▸ **REQUIRED ACTION**: Only certain lines below are wanted: those starting at the line containing "unfolding P_ray by (simp add: ray_def)" and ending at the line containing "(\<lambda>R. R /", both included, each retyped exactly.
Top of SOURCE MATERIAL
lemma integral_real_segment_eq_ray_minus_vertical:
  fixes g :: "complex \<Rightarrow> complex"
  assumes "0 < \<alpha>" "\<alpha> < pi/2" and hol: "g holomorphic_on sector_plus \<alpha>" and "R > 0"
  shows "integral {0..R} (\<lambda>x. g (of_real x)) =
     exp (\<i> * of_real \<alpha>) * integral {0..R / cos \<alpha>} (\<lambda>y. g (ray \<alpha> y))
     - \<i> * integral {0..R * tan \<alpha>} (\<lambda>t. g (of_real R + of_real t * \<i>))"
proof -
  define P where "P = of_real R + of_real (R * tan \<alpha>) * \<i>"
  have cos_pos: "cos \<alpha> > 0" using assms by (intro cos_gt_zero_pi) auto
  have tan_pos: "tan \<alpha> > 0" using assms by (simp add: tan_gt_zero)
  have P_ray: "P = 0 + of_real (R / cos \<alpha>) * exp (\<i> * of_real \<alpha>)"
    using cos_pos by (simp add: P_def complex_eq_iff tan_def Re_exp Im_exp)
  have "convex hull {0, of_real R, P} \<subseteq> {z. 0 \<le> Im z \<and> Im z \<le> tan \<alpha> * Re z}"
    by (rule hull_minimal) (use convex_sector_wedge assms tan_pos in \<open>auto simp: P_def\<close>)
  also have "\<dots> \<subseteq> sector_plus \<alpha>" using in_sector_plusI assms by blast
  finally have holH: "g holomorphic_on convex hull {0, of_real R, P}"
    using hol holomorphic_on_subset by blast
  then have contH: "continuous_on (closed_segment u v) g" if "u \<in> {0, of_real R, P}" "v \<in> {0, of_real R, P}" for u v
    using that by (elim continuous_on_subset[OF holomorphic_on_imp_continuous_on])
      (auto simp: segment_convex_hull intro!: hull_mono)
  have "contour_integral (linepath 0 (of_real R)) g + contour_integral (linepath (of_real R) P) g
         + contour_integral (linepath P 0) g = 0"
    by (rule has_chain_integral_chain_integral3[OF Cauchy_theorem_triangle[OF holH]])
  moreover have "contour_integral (linepath 0 (of_real R)) g = integral {0..R} (\<lambda>x. g (of_real x))"
    using contour_integral_linepath_Reals_eq[of 0 "of_real R" g] assms by simp
  moreover have "contour_integral (linepath (of_real R) P) g
      = integral {0..R * tan \<alpha>} (\<lambda>t. g (of_real R + of_real t * \<i>)) * \<i>"
    using contour_integral_linepath_scaled[of "R * tan \<alpha>" "of_real R" \<i> g] contH assms tan_pos
    unfolding P_def by simp
  moreover have "contour_integral (linepath P 0) g = - contour_integral (linepath 0 P) g"
    by (metis contour_integral_reversepath reversepath_linepath valid_path_linepath)
  moreover have "contour_integral (linepath 0 P) g
      = integral {0..R / cos \<alpha>} (\<lambda>y. g (ray \<alpha> y)) * exp (\<i> * of_real \<alpha>)"
    using contour_integral_linepath_scaled[of "R / cos \<alpha>" 0 "exp (\<i> * of_real \<alpha>)" g] contH assms cos_pos
    unfolding P_ray by (simp add: ray_def)
  ultimately show ?thesis by (simp add: algebra_simps)
qed

lemma tendsto_integral_atLeastAtMost_at_top:
  fixes h :: "real \<Rightarrow> 'a::euclidean_space"
  assumes "h absolutely_integrable_on {a..}"
  shows "((\<lambda>L. integral {a..L} h) \<longlongrightarrow> integral {a..} h) at_top"
proof -
  have "h absolutely_integrable_on {a..L}" for L
    by (rule set_integrable_subset[OF assms]) auto
  moreover have "((\<lambda>L. set_lebesgue_integral lebesgue {a..L} h) \<longlongrightarrow> set_lebesgue_integral lebesgue {a..} h) at_top"
    by (rule tendsto_set_lebesgue_integral_at_top[OF _ assms]) auto
  ultimately show ?thesis
    using set_lebesgue_integral_eq_integral(2)[OF assms] by (simp add: set_lebesgue_integral_eq_integral(2))
qed

lemma absolutely_integrable_on_atLeast_iff_greaterThan:
  fixes h :: "real \<Rightarrow> 'a::euclidean_space"
  shows "h absolutely_integrable_on {a..} \<longleftrightarrow> h absolutely_integrable_on {a<..}"
proof (rule absolutely_integrable_spike_set_eq)
  show "negligible {x \<in> {a..} - {a<..}. h x \<noteq> 0}" "negligible {x \<in> {a<..} - {a..}. h x \<noteq> 0}"
    by (rule negligible_subset[of "{a}"]; force)+
qed

lemma integral_greaterThan_eq_atLeast:
  fixes h :: "real \<Rightarrow> 'a::euclidean_space"
  shows "integral {a<..} h = integral {a..} h"
  by (rule integral_spike_set) (auto intro: negligible_subset[of "{a}"])

lemma tendsto_integral_real_line_via_ray:
  fixes g :: "complex \<Rightarrow> complex"
  assumes "0 < \<alpha>" "\<alpha> < pi/2" and hol: "g holomorphic_on sector_plus \<alpha>"
    and ray_int: "(\<lambda>y. g (ray \<alpha> y)) absolutely_integrable_on {0..}"
    and vertical: "((\<lambda>R. integral {0..R * tan \<alpha>} (\<lambda>t. g (of_real R + of_real t * \<i>))) \<longlongrightarrow> 0) at_top"
  shows "((\<lambda>R. integral {0..R} (\<lambda>x. g (of_real x))) \<longlongrightarrow>
           exp (\<i> * of_real \<alpha>) * integral {0..} (\<lambda>y. g (ray \<alpha> y))) at_top"
proof -
  have "cos \<alpha> > 0" using assms by (intro cos_gt_zero_pi) auto
  then have "filterlim (\<lambda>R. R / cos \<alpha>) at_top at_top" by real_asymp
  then have "((\<lambda>R. integral {0..R / cos \<alpha>} (\<lambda>y. g (ray \<alpha> y))) \<longlongrightarrow> integral {0..} (\<lambda>y. g (ray \<alpha> y))) at_top"
    by (rule filterlim_compose[OF tendsto_integral_atLeastAtMost_at_top[OF ray_int]])
  then have "((\<lambda>R. exp (\<i> * of_real \<alpha>) * integral {0..R / cos \<alpha>} (\<lambda>y. g (ray \<alpha> y))
       - \<i> * integral {0..R * tan \<alpha>} (\<lambda>t. g (of_real R + of_real t * \<i>)))
     \<longlongrightarrow> exp (\<i> * of_real \<alpha>) * integral {0..} (\<lambda>y. g (ray \<alpha> y)) - \<i> * 0) at_top"
    by (intro tendsto_intros vertical)
  moreover have "\<forall>\<^sub>F R in at_top. exp (\<i> * of_real \<alpha>) * integral {0..R / cos \<alpha>} (\<lambda>y. g (ray \<alpha> y))
       - \<i> * integral {0..R * tan \<alpha>} (\<lambda>t. g (of_real R + of_real t * \<i>)) = integral {0..R} (\<lambda>x. g (of_real x))"
    using eventually_gt_at_top[of 0]
    by eventually_elim (simp add: integral_real_segment_eq_ray_minus_vertical[OF assms(1-3)])
  ultimately show ?thesis by (simp add: Lim_transform_eventually)
qed

lemma exp_quadratic_le_exp_neg:
  fixes k m :: real
  assumes "k > 0"
  obtains C where "C > 0" "\<And>y. exp (- k * y^2 + m * y) \<le> C * exp (- y)"
proof
  show "exp ((m + 1)^2 / (4 * k)) > 0" by simp
  fix y :: real
  have "- k * y^2 + m * y = (m + 1)^2 / (4 * k) - y - (2 * k * y - (m + 1))^2 / (4 * k)"
    using assms by (simp add: field_simps power2_eq_square)
  also have "\<dots> \<le> (m + 1)^2 / (4 * k) - y" using assms by simp
  finally show "exp (- k * y^2 + m * y) \<le> exp ((m + 1)^2 / (4 * k)) * exp (- y)"
    by (simp flip: exp_add)
qed

lemma integrable_on_exp_neg: "(\<lambda>y::real. C * exp (- y)) integrable_on {0..}"
  using integrable_on_exp_minus_to_infinity[of 1 0] by (intro integrable_on_mult_right) simp

lemma has_integral_exp_neg_scaled:
  fixes \<kappa> T :: real
  assumes "\<kappa> > 0" "T \<ge> 0"
  shows "((\<lambda>t. exp (- \<kappa> * t)) has_integral (1 - exp (- \<kappa> * T)) / \<kappa>) {0..T}"
proof -
  have "((\<lambda>t. exp (- \<kappa> * t)) has_integral (- exp (- \<kappa> * T) / \<kappa>) - (- exp (- \<kappa> * 0) / \<kappa>)) {0..T}"
    using assms
    by (intro fundamental_theorem_of_calculus)
       (auto intro!: derivative_eq_intros simp flip: has_real_derivative_iff_has_vector_derivative)
  then show ?thesis by (simp add: diff_divide_distrib)
qed

lemma norm_integral_exp_decay_le:
  fixes h :: "real \<Rightarrow> 'a::euclidean_space"
  assumes "continuous_on {0..T} h" "\<kappa> > 0" "T \<ge> 0"
    and "\<And>t. t \<in> {0..T} \<Longrightarrow> norm (h t) \<le> M * exp (- \<kappa> * t)"
  shows "norm (integral {0..T} h) \<le> M / \<kappa>"
proof -
  have "norm (h 0) \<le> M" using assms(3) assms(4)[of 0] by simp
  then have "M \<ge> 0" using norm_ge_zero order_trans by blast
  have exp_int: "((\<lambda>t. M * exp (- \<kappa> * t)) has_integral M * ((1 - exp (- \<kappa> * T)) / \<kappa>)) {0..T}"
    by (intro has_integral_mult_right has_integral_exp_neg_scaled assms)
  have "norm (integral {0..T} h) \<le> integral {0..T} (\<lambda>t. M * exp (- \<kappa> * t))"
    using assms exp_int integrable_continuous_interval
    by (intro integral_norm_bound_integral) (auto simp: integrable_on_def)
  also have "\<dots> = M * ((1 - exp (- \<kappa> * T)) / \<kappa>)" using exp_int by (rule integral_unique)
  also have "\<dots> \<le> M * (1 / \<kappa>)"
    using assms \<open>M \<ge> 0\<close> by (intro mult_left_mono divide_right_mono) auto
  finally show ?thesis by simp
qed

lemma tendsto_0_integral_exp_decay:
  fixes h :: "'b \<Rightarrow> real \<Rightarrow> 'a::euclidean_space"
  assumes "\<forall>\<^sub>F R in F. continuous_on {0..T R} (h R) \<and> T R \<ge> 0 \<and> \<kappa> R > 0 \<and>
             (\<forall>t\<in>{0..T R}. norm (h R t) \<le> M R * exp (- \<kappa> R * t))"
    and "((\<lambda>R. M R / \<kappa> R) \<longlongrightarrow> 0) F"
  shows "((\<lambda>R. integral {0..T R} (h R)) \<longlongrightarrow> 0) F"
proof (rule Lim_null_comparison[OF _ assms(2)])
  show "\<forall>\<^sub>F R in F. norm (integral {0..T R} (h R)) \<le> M R / \<kappa> R"
    using assms(1) by eventually_elim (auto intro: norm_integral_exp_decay_le)
qed

lemma absolutely_integrable_on_atLeast_dominated:
  fixes h :: "real \<Rightarrow> 'a::euclidean_space"
  assumes "continuous_on {a..} h" "D integrable_on {a..}" "\<And>y. a \<le> y \<Longrightarrow> norm (h y) \<le> D y"
  shows "h absolutely_integrable_on {a..}"
proof (rule measurable_bounded_by_integrable_imp_absolutely_integrable)
  show "h \<in> borel_measurable (lebesgue_on {a..})"
    using assms(1) by (rule continuous_imp_measurable_on_sets_lebesgue) auto
qed (use assms in auto)

definition chirp :: "real \<Rightarrow> real \<Rightarrow> complex \<Rightarrow> complex" where
  "chirp a y1 z = exp (\<i> * of_real a * (z - of_real y1)^2)"

definition gaussian :: "real \<Rightarrow> real \<Rightarrow> complex \<Rightarrow> complex" where
  "gaussian e y0 z = exp (- of_real e * (z - of_real y0)^2)"

lemma gaussian_0 [simp]: "gaussian 0 y0 z = 1"
  by (simp add: gaussian_def)

lemma norm_chirp: "norm (chirp a y1 z) = exp (- 2 * a * (Re z - y1) * Im z)"
  by (simp add: chirp_def power2_eq_square algebra_simps)

lemma norm_gaussian: "norm (gaussian e y0 z) = exp (- e * ((Re z - y0)^2 - (Im z)^2))"
  by (simp add: gaussian_def power2_eq_square algebra_simps)

lemma holomorphic_on_gaussian_chirp:
  "f holomorphic_on S \<Longrightarrow> (\<lambda>z. gaussian e y0 z * chirp a y1 z * f z) holomorphic_on S"
  unfolding gaussian_def chirp_def by (intro holomorphic_intros)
Bottom of SOURCE MATERIAL
▸ **OUTPUT FOR THIS TASK**:
    unfolding P_ray by (simp add: ray_def)
  ultimately show ?thesis by (simp add: algebra_simps)
qed

lemma tendsto_integral_atLeastAtMost_at_top:
  fixes h :: "real \<Rightarrow> 'a::euclidean_space"
  assumes "h absolutely_integrable_on {a..}"
  shows "((\<lambda>L. integral {a..L} h) \<longlongrightarrow> integral {a..} h) at_top"
proof -
  have "h absolutely_integrable_on {a..L}" for L
    by (rule set_integrable_subset[OF assms]) auto
  moreover have "((\<lambda>L. set_lebesgue_integral lebesgue {a..L} h) \<longlongrightarrow> set_lebesgue_integral lebesgue {a..} h) at_top"
    by (rule tendsto_set_lebesgue_integral_at_top[OF _ assms]) auto
  ultimately show ?thesis
    using set_lebesgue_integral_eq_integral(2)[OF assms] by (simp add: set_lebesgue_integral_eq_integral(2))
qed

lemma absolutely_integrable_on_atLeast_iff_greaterThan:
  fixes h :: "real \<Rightarrow> 'a::euclidean_space"
  shows "h absolutely_integrable_on {a..} \<longleftrightarrow> h absolutely_integrable_on {a<..}"
proof (rule absolutely_integrable_spike_set_eq)
  show "negligible {x \<in> {a..} - {a<..}. h x \<noteq> 0}" "negligible {x \<in> {a<..} - {a..}. h x \<noteq> 0}"
    by (rule negligible_subset[of "{a}"]; force)+
qed

lemma integral_greaterThan_eq_atLeast:
  fixes h :: "real \<Rightarrow> 'a::euclidean_space"
  shows "integral {a<..} h = integral {a..} h"
  by (rule integral_spike_set) (auto intro: negligible_subset[of "{a}"])

lemma tendsto_integral_real_line_via_ray:
  fixes g :: "complex \<Rightarrow> complex"
  assumes "0 < \<alpha>" "\<alpha> < pi/2" and hol: "g holomorphic_on sector_plus \<alpha>"
    and ray_int: "(\<lambda>y. g (ray \<alpha> y)) absolutely_integrable_on {0..}"
    and vertical: "((\<lambda>R. integral {0..R * tan \<alpha>} (\<lambda>t. g (of_real R + of_real t * \<i>))) \<longlongrightarrow> 0) at_top"
  shows "((\<lambda>R. integral {0..R} (\<lambda>x. g (of_real x))) \<longlongrightarrow>
           exp (\<i> * of_real \<alpha>) * integral {0..} (\<lambda>y. g (ray \<alpha> y))) at_top"
proof -
  have "cos \<alpha> > 0" using assms by (intro cos_gt_zero_pi) auto
  then have "filterlim (\<lambda>R. R / cos \<alpha>) at_top at_top" by real_asymp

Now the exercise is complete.